Tether commits to freezing transactions with sanctioned entities amid allegations that Venezuela's PDVSA is using USDT to circumvent U.S. oil sanctions.
Tether, the issuer of the popular stablecoin USDT, has announced its commitment to blocking transactions with entities sanctioned by the Office of Foreign Assets Control (OFAC). This decision follows a Reuters report alleging that Petróleos de Venezuela, S.A. (PDVSA), Venezuela's state-run oil company, has been using USDT to circumvent U.S. sanctions and facilitate oil exports.

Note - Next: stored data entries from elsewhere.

lemma complementary_U_mat:
  assumes S: "state_fmt r m n Psi" and C: "complementary m n Psi C"
  shows "r \<le> m*n" "length (Psi @ C) = m*n" "U_mat m n (Psi @ C) \<in> carrier_mat (m*n) (m*n)"
    "invertible_mat (U_mat m n (Psi @ C))" "\<forall>G\<in>set (Psi @ C). G \<in> carrier_mat m n"
proof -
  have B: "basis_mats m n (Psi @ C)" using C unfolding complementary_def by simp
  show "\<forall>G\<in>set (Psi @ C). G \<in> carrier_mat m n" using B unfolding basis_mats_def by simp
  have len: "length (Psi @ C) = r + (m*n - r)" using S C unfolding state_fmt_def complementary_def by simp
  have "length (Psi @ C) \<le> m*n"
    using injective_mat_dim_le[OF U_mat_carrier] basis_mats_U_mat_kernel[OF B] by blast
  then show r: "r \<le> m*n" and len': "length (Psi @ C) = m*n" using len by linarith+
  then show U: "U_mat m n (Psi @ C) \<in> carrier_mat (m*n) (m*n)" using U_mat_carrier[of m n "Psi @ C"] by simp
  show "invertible_mat (U_mat m n (Psi @ C))"
    unfolding invertible_mat_iff_kernel[OF U] using basis_mats_U_mat_kernel[OF B] len' by simp
qed

lemma U_mat_mult_padded_vec:
  assumes Gs: "\<forall>G\<in>set (Psi @ C). G \<in> carrier_mat m n" and len: "length (Psi @ C) = N"
  shows "U_mat m n (Psi @ C) *\<^sub>v vec N (\<lambda>l. if l < length Psi then c l else 0) =
    vecz m n (lincomb_mats m n c Psi)"
proof -
  let ?w = "vec N (\<lambda>l. if l < length Psi then c l else 0)"
  have "lincomb_mats m n (\<lambda>l. ?w $ l) (Psi @ C) = lincomb_mats m n (\<lambda>l. ?w $ l) Psi"
    using Gs len by (intro lincomb_mats_append_zero) auto
  also have "\<dots> = lincomb_mats m n c Psi" using Gs len by (intro lincomb_mats_cong) auto
  finally show ?thesis using U_mat_mult_vec[OF Gs] len by simp
qed

lemma state_fmt_transpose:
  "state_fmt r m n Psi \<Longrightarrow> state_fmt r n m (map transpose_mat Psi)"
  unfolding state_fmt_def by auto

lemma slocc_equiv_of_sandwich:
  assumes S: "state_fmt r m n Psi" and S': "state_fmt r m n Psi'"
    and A: "A \<in> carrier_mat m m" "invertible_mat A" and B: "B \<in> carrier_mat n n" "invertible_mat B"
    and P: "P \<in> carrier_mat r r" "invertible_mat P"
    and rel: "\<And>k. k < r \<Longrightarrow> A * (Psi' ! k) * B = lincomb_mats m n (\<lambda>l. P $$ (l,k)) Psi"
  shows "slocc_equiv m n Psi' Psi"
proof -
  obtain A' where A': "A' \<in> carrier_mat m m" "invertible_mat A'" "A' * A = 1\<^sub>m m"
    using invertible_mat_inverse[OF A] by metis
  obtain B' where B': "B' \<in> carrier_mat n n" "invertible_mat B'" "B * B' = 1\<^sub>m n"
    using invertible_mat_inverse[OF B] by metis
  have Ps: "\<forall>G\<in>set Psi. G \<in> carrier_mat m n" and Ps': "\<forall>G\<in>set Psi'. G \<in> carrier_mat m n"
    and len: "length Psi = r" "length Psi' = r" using S S' unfolding state_fmt_def by auto
  have "Psi' ! k = lincomb_mats m n (\<lambda>l. P\<^sup>T $$ (k,l)) (map (\<lambda>G. A' * G * B') Psi)"
    if k: "k < r" for k
  proof -
    have "Psi' ! k = A' * (A * (Psi' ! k) * B) * B'"
      using mult_inverses_cancel[OF A(1) A'(1) A'(3) B(1) B'(1) B'(3)] Ps' k len by simp
    also have "\<dots> = lincomb_mats m n (\<lambda>l. P $$ (l,k)) (map (\<lambda>G. A' * G * B') Psi)"
      unfolding rel[OF k] by (rule mult_lincomb_mats[OF Ps A'(1) B'(1)])
    also have "\<dots> = lincomb_mats m n (\<lambda>l. P\<^sup>T $$ (k,l)) (map (\<lambda>G. A' * G * B') Psi)"
      using Ps A'(1) B'(1) P(1) k len by (intro lincomb_mats_cong) auto
    finally show ?thesis .
  qed
  then show ?thesis unfolding slocc_equiv_def
    using len P A'(1,2) B'(1,2) invertible_mat_transpose_iff[OF P(1)] invertible_mat_transpose_iff[OF B'(1)]
    by (intro conjI exI[of _ "P\<^sup>T"] exI[of _ A'] exI[of _ "B'\<^sup>T"]) auto
qed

A Tether spokesperson conveyed the company's stance to Cointelegraph, stating, "Tether respects the OFAC SDN list and is committed to working to ensure sanction addresses are frozen promptly." The commitment is in direct response to concerns that PDVSA has been leveraging USDT as a workaround to sanctions which have recently been reenforced by the United States due to Venezuela's lack of progress in electoral reforms.
The U.S. Treasury Department has set a deadline of May 31 for PDVSA's customers and providers to cease transactions, creating significant pressure on the oil company to find alternative methods for conducting business. The reimposed sanctions threaten to hinder Venezuela's ability to increase its oil production and exports, as future business dealings with the country will necessitate U.S. authorization.
According to sources cited by Reuters, PDVSA has shifted its oil sales to USDT with the aim of preventing its funds from being frozen in foreign bank accounts as a result of the new sanctions. The shift comes in the wake of a scandal in 2023, where $21 billion in receivables for oil exports went unaccounted for, raising concerns about corruption within PDVSA.
The sources further suggest that PDVSA has revised its spot oil deals to a prepayment contract model, requiring USDT for exported cargo. The company is also reported to be insisting that new customers looking to engage in oil transactions possess USDT in a digital wallet. Companies seeking to reestablish business with PDVSA after a six-month licensing approval granted by the U.S. in October 2023 have had to use intermediaries to meet these payment requirements.